Can Sareum Holdings plc (AIM:SAR) Improve Your Portfolio Returns?

For Sareum Holdings plc’s (AIM:SAR) shareholders, and also potential investors in the stock, understanding how the stock’s risk and return characteristics can impact your portfolio is important. There are two types of risks that affect the market value of a listed company such as SAR. The first risk to consider is company-specific, which can be diversified away when you invest in other companies in the same industry as SAR, because it is rare that an entire industry collapses at once. The second risk is market-wide, which arises from investing in the stock market. This risk reflects changes in economic and political factors that affects all stocks.

Not all stocks are expose to the same level of market risk. The most widely used metric to quantify a stock's market risk is beta, and the market as a whole represents a beta of one. A stock with a beta greater than one is expected to exhibit higher volatility resulting from market-wide shocks compared to one with a beta below one.

Check out our latest analysis for Sareum Holdings

What does SAR's beta value mean?

Sareum Holdings’s five-year beta of 1.02 means that the company’s value will swing up by more than the market during prosperous times, but also drop down by more in times of downturns. This level of volatility indicates bigger risk for investors who passively invest in the stock market index. According to this value of beta, SAR can help magnify your portfolio return, especially if it is predominantly made up of low-beta stocks. If the market is going up, a higher exposure to the upside from a high-beta stock can push up your portfolio return.

AIM:SAR Income Statement Sep 13th 17
AIM:SAR Income Statement Sep 13th 17

Does SAR's size and industry impact the expected beta?

A market capitalisation of GBP £23.15M puts SAR in the category of small-cap stocks, which tends to possess higher beta than larger companies. Conversely, the company operates in the pharmaceuticals, biotechnology and life sciences industry, which has been found to have low sensitivity to market-wide shocks. Therefore, investors can expect a high beta associated with the size of SAR, but a lower beta given the nature of the industry it operates in. It seems as though there is an inconsistency in risks from SAR’s size and industry. There may be a more fundamental driver which can explain this inconsistency, which we will examine below.

Can SAR's asset-composition point to a higher beta?

During times of economic downturn, low demand may cause companies to readjust production of their goods and services. It is more difficult for companies to lower their cost, if the majority of these costs are generated by fixed assets. Therefore, this is a type of risk which is associated with higher beta. I examine SAR’s ratio of fixed assets to total assets to see whether the company is highly exposed to the risk of this type of constraint. Given that fixed assets make up less than a third of the company’s total assets, SAR doesn’t rely heavily upon these expensive, inflexible assets to run its business during downturns. Thus, we can expect SAR to be more stable in the face of market movements, relative to its peers of similar size but with a higher portion of fixed assets on their books. This outcome contradicts SAR’s current beta value which indicates an above-average volatility.

What this means for you:

Are you a shareholder? You could benefit from higher returns during times of economic growth by holding onto SAR. Its low fixed cost also means that, in terms of operating leverage, it is relatively flexible during times of economic downturns. Consider the stock in terms of your other portfolio holdings, and whether it is worth investing more into SAR.

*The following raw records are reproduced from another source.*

theorem theorem2p1:
  fixes F g :: "real \<Rightarrow> real"
  assumes F: "BC F" and g: "is_BV g"
  shows "(\<forall>x. hs_integrable_R (reflp F x) g)
    \<and> (\<forall>x. hs_integrable_R F (\<lambda>y. g (x - y)) \<and> conv_fg F g x = conv_gf F g x)
    \<and> (bdd_above (range (\<lambda>x. \<bar>conv_fg F g x\<bar>))
       \<and> (SUP x. \<bar>conv_fg F g x\<bar>) \<le> \<bar>int_R F\<bar> * (INF y. \<bar>g y\<bar>) + alex_norm F * Var g
       \<and> \<bar>int_R F\<bar> * (INF y. \<bar>g y\<bar>) + alex_norm F * Var g \<le> alex_norm F * BV_norm g)
    \<and> (C0bar (conv_fg F g)
       \<and> (conv_fg F g \<longlongrightarrow> lim_top g * int_R F) at_top
       \<and> (conv_fg F g \<longlongrightarrow> lim_bot g * int_R F) at_bot)
    \<and> (\<forall>x z. transl z (conv_fg F g) x = conv_fg (transl z F) g x
          \<and> conv_fg (transl z F) g x = conv_fg F (transl z g) x)"
proof -
  have a: "hs_integrable_R (reflp F x) g" for x
    by (rule hs_integral_R_exists(1)[OF g reflp_props(1,2)[OF F]])
  have d: "C0bar (conv_fg F g)"
    unfolding C0bar_def using conv_fg_continuous[OF F g] conv_fg_at_top[OF F g] conv_fg_at_bot[OF F g] by blast
  have f: "transl z (conv_fg F g) x = conv_fg (transl z F) g x"
    "conv_fg (transl z F) g x = conv_fg F (transl z g) x" for x z
    unfolding conv_transl_F[OF F] conv_transl_g[OF F g] by (simp_all add: transl_def)
  show ?thesis
    using a conv_commute[OF F g] conv_sup_bound[OF F g] d conv_fg_at_top[OF F g] conv_fg_at_bot[OF F g] f
    by blast
qed

end
(* Let $a,b>0$ and $N\ge1$. For $j=0,1,2,\ldots$ put $$\varphi_j^{(4)}(x)=\frac{P_j^{(a-1,b-1)}(x)}{\sqrt{h_j^{(a-1,b-1)}}}(1-x)^{\frac a2-1}(1+x)^{\frac b2-1},\qquad x\in(-1,1),$$ and define $$\psi_{2j+1}^{(4)}(x)=\frac{1}{\sqrt2}(1-x^2)\varphi_{2j+1}^{(4)}(x),\qquad \psi_{2j}^{(4)}(x)=-\frac{1}{\sqrt2}\,\varepsilon\varphi_{2j+1}^{(4)}(x).$$ Let $M^{(4)}$ be the $2N\times 2N$ matrix with entries $M^{(4)}_{jk}=\int_{-1}^1\big(\psi_j^{(4)}(x)\frac{d}{dx}\psi_k^{(4)}(x)-\psi_k^{(4)}(x)\frac{d}{dx}\psi_j^{(4)}(x)\big)dx$, $j,k=0,\ldots,2N-1$, let $(\mu_{jk})_{j,k=0}^{2N-1}=(M^{(4)})^{-1}$, and $$K_N^{(4)}(x,y)=-\sum_{j,k=0}^{2N-1}\mu_{jk}\psi_j^{(4)}(x)\frac{d}{dy}\psi_k^{(4)}(y).$$ Then $$K_N^{(4)}(x,y)=\frac12S_N^{(4)}(x,y)+\frac12C_{2N}^{(4)}\,\varepsilon\varphi_{2N+1}^{(4)}(x)\,\varphi_{2N}^{(4)}(y),$$ where $$C_{2N}^{(4)}=\sqrt{\frac{(2N+1)(2N+a)(2N+b)(2N+a+b-1)}{(4N+a+b+1)(4N+a+b-1)}},\qquad S_N^{(4)}(x,y)=\sum_{j=0}^{2N}(1-x^2)\varphi_j^{(4)}(x)\varphi_j^{(4)}(y).$$
   Context: $P_j^{(\alpha,\beta)}$ is the Jacobi polynomial of degree $j$ (Szegő normalization) with $\int_{-1}^1P_j^{(\alpha,\beta)}P_k^{(\alpha,\beta)}(1-x)^{\alpha}(1+x)^{\beta}dx=h_j^{(\alpha,\beta)}\delta_{jk}$, $h_j^{(\alpha,\beta)}=\frac{2^{\alpha+\beta+1}\Gamma(j+\alpha+1)\Gamma(j+\beta+1)}{j!(2j+\alpha+\beta+1)\Gamma(j+\alpha+\beta+1)}$. The operator $\varepsilon$ acts on integrable functions $g$ on $[-1,1]$ by $\varepsilon g(x)=\int_{-1}^1\frac12\mathrm{sgn}(x-y)g(y)\,dy=\frac12\left(\int_{-1}^x g(y)dy-\int_x^1 g(y)dy\right)$. *)

theory Defs
  imports "HOL-Analysis.Analysis"
begin

text \<open>Jacobi polynomial, Szego normalization (explicit sum, Szego (4.3.2)).\<close>
definition jacobiP :: "nat \<Rightarrow> real \<Rightarrow> real \<Rightarrow> real \<Rightarrow> real" where
  "jacobiP n al be x =
     (\<Sum>s\<le>n. ((real n + al) gchoose (n - s)) * ((real n + be) gchoose s)
              * ((x - 1) / 2) ^ s * ((x + 1) / 2) ^ (n - s))"

definition jacobi_h :: "nat \<Rightarrow> real \<Rightarrow> real \<Rightarrow> real" where
  "jacobi_h j al be =
     (LBINT x=ereal (-1)..ereal 1. (jacobiP j al be x)\<^sup>2 * (1 - x) powr al * (1 + x) powr be)"

definition eps_op :: "(real \<Rightarrow> real) \<Rightarrow> real \<Rightarrow> real" where
  "eps_op g x = (1/2) * ((LBINT y=ereal (-1)..ereal x. g y) - (LBINT y=ereal x..ereal 1. g y))"

definition phi4 :: "real \<Rightarrow> real \<Rightarrow> nat \<Rightarrow> real \<Rightarrow> real" where
  "phi4 a b j x = jacobiP j (a - 1) (b - 1) x / sqrt (jacobi_h j (a - 1) (b - 1))
                  * (1 - x) powr (a / 2 - 1) * (1 + x) powr (b / 2 - 1)"

definition psi4 :: "real \<Rightarrow> real \<Rightarrow> nat \<Rightarrow> real \<Rightarrow> real" where
  "psi4 a b n x =
     (if odd n then (1 / sqrt 2) * (1 - x\<^sup>2) * phi4 a b n x
      else - (1 / sqrt 2) * eps_op (phi4 a b (n + 1)) x)"

definition M4 :: "real \<Rightarrow> real \<Rightarrow> nat \<Rightarrow> nat \<Rightarrow> real" where
  "M4 a b j k = (LBINT x=ereal (-1)..ereal 1.
        psi4 a b j x * deriv (psi4 a b k) x - psi4 a b k x * deriv (psi4 a b j) x)"

definition is_inverse_matrix :: "nat \<Rightarrow> (nat \<Rightarrow> nat \<Rightarrow> real) \<Rightarrow> (nat \<Rightarrow> nat \<Rightarrow> real) \<Rightarrow> bool" where
  "is_inverse_matrix n A mu \<longleftrightarrow>
     (\<forall>i<n. \<forall>l<n. (\<Sum>k<n. A i k * mu k l) = (if i = l then 1 else 0)) \<and>
     (\<forall>i<n. \<forall>l<n. (\<Sum>k<n. mu i k * A k l) = (if i = l then 1 else 0))"

definition K4 :: "real \<Rightarrow> real \<Rightarrow> nat \<Rightarrow> (nat \<Rightarrow> nat \<Rightarrow> real) \<Rightarrow> real \<Rightarrow> real \<Rightarrow> real" where
  "K4 a b N mu x y = - (\<Sum>j<2*N. \<Sum>k<2*N. mu j k * psi4 a b j x * deriv (psi4 a b k) y)"

definition C4 :: "real \<Rightarrow> real \<Rightarrow> nat \<Rightarrow> real" where
  "C4 a b N = sqrt ((2*N+1) * (2*N+a) * (2*N+b) * (2*N+a+b-1)
                    / ((4*N+a+b+1) * (4*N+a+b-1)))"

definition S4 :: "real \<Rightarrow> real \<Rightarrow> nat \<Rightarrow> real \<Rightarrow> real \<Rightarrow> real" where
  "S4 a b N x y = (\<Sum>j\<le>2*N. (1 - x\<^sup>2) * phi4 a b j x * phi4 a b j y)"

end

theory Submission
  imports Defs "HOL-Computational_Algebra.Polynomial"
begin

text \<open>
  All functions involved have the form w_{s,t}(x) p(x) with the Jacobi weight
  w_{s,t}(x) = (1-x)^s (1+x)^t and a polynomial p, and differentiation acts by
  (w_{s,t} p)' = w_{s-1,t-1} D_{s,t} p, where D_{s,t} p = (1-x^2) p' + (t(1-x) - s(1+x)) p.
  Integration by parts against w_{a-1,b-1} makes D = D_{a/2,b/2} skew-symmetric, so in the
  orthonormal Jacobi basis p_n (the polynomial parts of phi_n) it is tridiagonal,
  D p_n = c_n p_{n+1} - c_{n-1} p_{n-1}, with constants c_n < 0 computed from the leading
  coefficients and norms of the Jacobi polynomials; in particular C_{2N} = -c_{2N}.
  The polynomial part of eps phi_{2i+1} is the solution q_i of D q_i = p_{2i+1} obtained by
  inverting this recurrence. Consequently M is the standard symplectic matrix J, its inverse is -J,
  the kernel is the sum of the N blocks psi_{2i}(x) psi'_{2i+1}(y) - psi_{2i+1}(x) psi'_{2i}(y), and
  since p_{2m} = c_{2m} q_m - c_{2m-1} q_{m-1} this sum telescopes to S_N/2 plus the boundary term.
\<close>

section \<open>The Jacobi weight\<close>

definition jacobi_weight :: "real \<Rightarrow> real \<Rightarrow> real \<Rightarrow> real" where
  "jacobi_weight s t x = (1 - x) powr s * (1 + x) powr t"

lemma jacobi_weight_measurable [measurable]: "jacobi_weight s t \<in> borel_measurable borel"
  unfolding jacobi_weight_def by measurable

lemma jacobi_weight_nonneg: "0 \<le> jacobi_weight s t x"
  by (simp add: jacobi_weight_def)

lemma jacobi_weight_mult:
  "-1 < x \<Longrightarrow> x < 1 \<Longrightarrow> jacobi_weight s t x * jacobi_weight s' t' x = jacobi_weight (s + s') (t + t') x"
  by (simp add: jacobi_weight_def powr_add)

lemma jacobi_weight_times_1mx:
  "-1 < x \<Longrightarrow> x < 1 \<Longrightarrow> jacobi_weight s t x * (1 - x) = jacobi_weight (s + 1) t x"
  by (simp add: jacobi_weight_def powr_add)

lemma jacobi_weight_times_1px:
  "-1 < x \<Longrightarrow> x < 1 \<Longrightarrow> jacobi_weight s t x * (1 + x) = jacobi_weight s (t + 1) x"
  by (simp add: jacobi_weight_def powr_add)

lemma jacobi_weight_times_1mx2:
  assumes "-1 < x" "x < 1"
  shows "jacobi_weight s t x * (1 - x\<^sup>2) = jacobi_weight (s + 1) (t + 1) x"
proof -
  have "jacobi_weight s t x * (1 - x\<^sup>2) = jacobi_weight s t x * (1 - x) * (1 + x)"
    by (simp add: power2_eq_square algebra_simps)
  then show ?thesis
    using assms by (simp add: jacobi_weight_times_1mx jacobi_weight_times_1px)
qed

lemma has_real_derivative_jacobi_weight_mult:
  assumes x: "-1 < x" "x < 1" and g: "(g has_real_derivative g') (at x)"
  shows "((\<lambda>x. jacobi_weight s t x * g x) has_real_derivative
           jacobi_weight (s - 1) (t - 1) x * ((1 - x\<^sup>2) * g' + (t * (1 - x) - s * (1 + x)) * g x)) (at x)"
proof -
  have "((\<lambda>x. (1 - x) powr s * (1 + x) powr t * g x) has_real_derivative
      (1 - x) powr s * (1 + x) powr t * g'
      + ((1 - x) powr s * (t * (1 + x) powr (t - 1)) - s * (1 - x) powr (s - 1) * (1 + x) powr t) * g x) (at x)"
    using x by (auto intro!: derivative_eq_intros g)
  moreover have "(1 - x) powr s = (1 - x) powr (s - 1) * (1 - x)" "(1 + x) powr t = (1 + x) powr (t - 1) * (1 + x)"
    using x powr_add[of "1 - x" "s - 1" 1] powr_add[of "1 + x" "t - 1" 1] by simp_all
  ultimately show ?thesis
    unfolding jacobi_weight_def by (simp add: power2_eq_square algebra_simps)
qed

lemma jacobi_weight_mult_tendsto_left_end:
  assumes "t > 0" "(g \<longlongrightarrow> L) (at_right (-1))"
  shows "((\<lambda>x. jacobi_weight s t x * g x) \<longlongrightarrow> 0) (at_right (-1))"
proof -
  have "((\<lambda>x. (1 - x) powr s * (1 + x) powr t * g x) \<longlongrightarrow> 2 powr s * 0 powr t * L) (at_right (-1))"
    using assms
    by (intro tendsto_intros tendsto_powr') (auto intro!: tendsto_eq_intros eventually_at_rightI[where b=0])
  then show ?thesis unfolding jacobi_weight_def using assms by simp
qed

lemma jacobi_weight_mult_tendsto_right_end:
  assumes "s > 0" "(g \<longlongrightarrow> L) (at_left 1)"
  shows "((\<lambda>x. jacobi_weight s t x * g x) \<longlongrightarrow> 0) (at_left 1)"
proof -
  have "((\<lambda>x. (1 - x) powr s * (1 + x) powr t * g x) \<longlongrightarrow> 0 powr s * 2 powr t * L) (at_left 1)"
    using assms
    by (intro tendsto_intros tendsto_powr') (auto intro!: tendsto_eq_intros eventually_at_leftI[where a=0])
  then show ?thesis unfolding jacobi_weight_def using assms by simp
qed

lemma set_integrable_1px_powr:
  assumes "t > -1"
  shows "set_integrable lborel {-1<..<1::real} (\<lambda>x. (1 + x) powr t)"
proof -
  have "set_integrable lborel (einterval (ereal (-1)) (ereal 1)) (\<lambda>x. (1 + x) powr t)"
  proof (rule interval_integral_FTC_nonneg(1)[where F = "\<lambda>x. (1 + x) powr (t + 1) / (t + 1)"
        and A = 0 and B = "2 powr (t + 1) / (t + 1)"])
    fix x assume "ereal (-1) < ereal x" "ereal x < ereal 1"
    then have "1 + x > 0" by simp
    then have "((\<lambda>x. (1 + x) powr (t + 1) / (t + 1)) has_real_derivative
        (t + 1) * (1 + x) powr (t + 1 - 1) / (t + 1)) (at x)"
      by (auto intro!: derivative_eq_intros)
    then show "((\<lambda>x. (1 + x) powr (t + 1) / (t + 1)) has_real_derivative (1 + x) powr t) (at x)"
      using assms by simp
    show "isCont (\<lambda>x. (1 + x) powr t) x"
      using \<open>1 + x > 0\<close> by (auto intro!: continuous_intros)
  next
    show "(((\<lambda>x. (1 + x) powr (t + 1) / (t + 1)) \<circ> real_of_ereal) \<longlongrightarrow> 0) (at_right (ereal (-1)))"
      unfolding ereal_tendsto_simps1 using assms
      by (auto intro!: tendsto_eq_intros eventually_at_rightI[where b=0])
    show "(((\<lambda>x. (1 + x) powr (t + 1) / (t + 1)) \<circ> real_of_ereal) \<longlongrightarrow> 2 powr (t + 1) / (t + 1))
        (at_left (ereal 1))"
      unfolding ereal_tendsto_simps1 using assms by (auto intro!: tendsto_eq_intros)
  qed auto
  then show ?thesis by simp
qed
lemma is_igraph_edgeD:
  assumes "is_igraph k G" "{a, b} \<in> edges G"
  shows "a \<in> verts G" "b \<in> verts G" "a \<noteq> b"
proof -
  obtain x y where "x \<noteq> y" "{a, b} = {x, y}" "x \<in> verts G" "y \<in> verts G"
    using is_igraph_edgeE[OF assms] .
  then show "a \<in> verts G" "b \<in> verts G" "a \<noteq> b" by (auto simp: doubleton_eq_iff)
qed

definition igraph_iso :: "('v \<Rightarrow> 'w) \<Rightarrow> 'v igraph \<Rightarrow> 'w igraph \<Rightarrow> bool" where
  "igraph_iso f G H \<longleftrightarrow> bij_betw f (verts G) (verts H) \<and>
     (\<forall>x\<in>verts G. \<forall>y\<in>verts G. {x, y} \<in> edges G \<longleftrightarrow> {f x, f y} \<in> edges H) \<and>
     (\<forall>x\<in>verts G. lab H (f x) = lab G x) \<and>
     f ` lft G = lft H \<and> f ` rgt G = rgt H"

lemma iso_igraph_iff: "iso_igraph G H \<longleftrightarrow> (\<exists>f. igraph_iso f G H)"
  unfolding iso_igraph_def igraph_iso_def ..

lemma igraph_isoD:
  assumes "igraph_iso f G H"
  shows "bij_betw f (verts G) (verts H)" "inj_on f (verts G)" "f ` verts G = verts H"
    "\<And>x y. x \<in> verts G \<Longrightarrow> y \<in> verts G \<Longrightarrow> {f x, f y} \<in> edges H \<longleftrightarrow> {x, y} \<in> edges G"
    "\<And>x. x \<in> verts G \<Longrightarrow> lab H (f x) = lab G x"
    "f ` lft G = lft H" "f ` rgt G = rgt H"
  using assms unfolding igraph_iso_def bij_betw_def by simp_all

lemma igraph_iso_id: "igraph_iso id G G"
  unfolding igraph_iso_def by auto

lemma igraph_iso_inv_into:
  assumes "lft G \<subseteq> verts G" "rgt G \<subseteq> verts G" and f: "igraph_iso f G H"
  shows "igraph_iso (inv_into (verts G) f) H G"
proof -
  let ?g = "inv_into (verts G) f"
  note f_iso = igraph_isoD[OF f]
  have g_bij: "bij_betw ?g (verts H) (verts G)" using bij_betw_inv_into[OF f_iso(1)] .
  have g_into: "?g x \<in> verts G" and f_g: "f (?g x) = x" if "x \<in> verts H" for x
    using that bij_betwE[OF g_bij] bij_betw_inv_into_right[OF f_iso(1)] by blast+
  show ?thesis unfolding igraph_iso_def
  proof (intro conjI ballI)
    fix x y assume "x \<in> verts H" "y \<in> verts H"
    then show "{x, y} \<in> edges H \<longleftrightarrow> {?g x, ?g y} \<in> edges G"
      using f_iso(4)[OF g_into g_into, of x y] f_g by simp
  next
    fix x assume "x \<in> verts H"
    then show "lab G (?g x) = lab H x" using f_iso(5)[OF g_into, of x] f_g by simp
  next
    show "?g ` lft H = lft G" "?g ` rgt H = rgt G"
      using inv_into_image_cancel[OF f_iso(2)] assms(1,2) by (simp_all flip: f_iso(6,7))
  qed (rule g_bij)
qed

lemma igraph_iso_comp:
  assumes f: "igraph_iso f G H" and g: "igraph_iso g H K"
  shows "igraph_iso (g \<circ> f) G K"
proof -
  note f_iso = igraph_isoD[OF f] and g_iso = igraph_isoD[OF g]
  have f_into: "f x \<in> verts H" if "x \<in> verts G" for x using that f_iso(3) by blast
  show ?thesis unfolding igraph_iso_def
  proof (intro conjI ballI)
    show "bij_betw (g \<circ> f) (verts G) (verts K)" using bij_betw_trans[OF f_iso(1) g_iso(1)] .
  next
    show "(g \<circ> f) ` lft G = lft K" "(g \<circ> f) ` rgt G = rgt K"
      unfolding image_comp[symmetric] f_iso(6,7) g_iso(6,7) by (rule refl)+
  qed (auto simp: f_iso(4,5) g_iso(4,5) f_into)
qed

lemma iso_igraph_refl: "iso_igraph G G"
  using igraph_iso_id iso_igraph_iff by blast

lemma iso_igraph_sym: "is_igraph k G \<Longrightarrow> iso_igraph G H \<Longrightarrow> iso_igraph H G"
  using igraph_iso_inv_into[OF is_igraphD(3,4)] iso_igraph_iff by metis

lemma iso_igraph_trans: "iso_igraph G H \<Longrightarrow> iso_igraph H K \<Longrightarrow> iso_igraph G K"
  using igraph_iso_comp iso_igraph_iff by metis

lemma iclass_eq_if_iso:
  assumes "is_igraph k G" "iso_igraph G H"
  shows "iclass k G = iclass k H"
  using iso_igraph_sym[OF assms] assms(2) iso_igraph_trans unfolding iclass_def by blast

lemma self_in_iclass: "is_igraph k G \<Longrightarrow> G \<in> iclass k G"
  unfolding iclass_def using iso_igraph_refl by blast

lemma walk_image:
  assumes f: "igraph_iso f G H"
  shows "walk G a c S \<Longrightarrow> walk H (f a) (f c) (f ` S)"
proof (induction rule: walk.induct)
  case (walk_Nil a)
  then show ?case using igraph_isoD(3)[OF f] by (auto intro: walk.walk_Nil)
next
  case (walk_Cons a b c S)
  then have "{f a, f b} \<in> edges H" "f a \<in> verts H"
    using igraph_isoD(3,4)[OF f] walk_verts[OF walk_Cons.hyps(3)] by auto
  then show ?case using walk_Cons.IH by (auto intro: walk.walk_Cons)
qed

Are you a potential investor? I recommend that you look into SAR's fundamental factors such as its current valuation and financial health. Take into account your portfolio sensitivity to the market before you invest in the stock, as well as where we are in the current economic cycle. SAR may be a great investment during times of economic growth.

Beta is one aspect of your portfolio construction to consider when holding or entering into a stock. But it is certainly not the only factor. Take a look at our most recent infographic report on Sareum Holdings for a more in-depth analysis of the stock to help you make a well-informed investment decision. But if you are not interested in Sareum Holdings anymore, you can use our free platform to see my list of over 50 other stocks with a high growth potential.


To help readers see pass the short term volatility of the financial market, we aim to bring you a long-term focused research analysis purely driven by fundamental data. Note that our analysis does not factor in the latest price sensitive company announcements.

The author is an independent contributor and at the time of publication had no position in the stocks mentioned.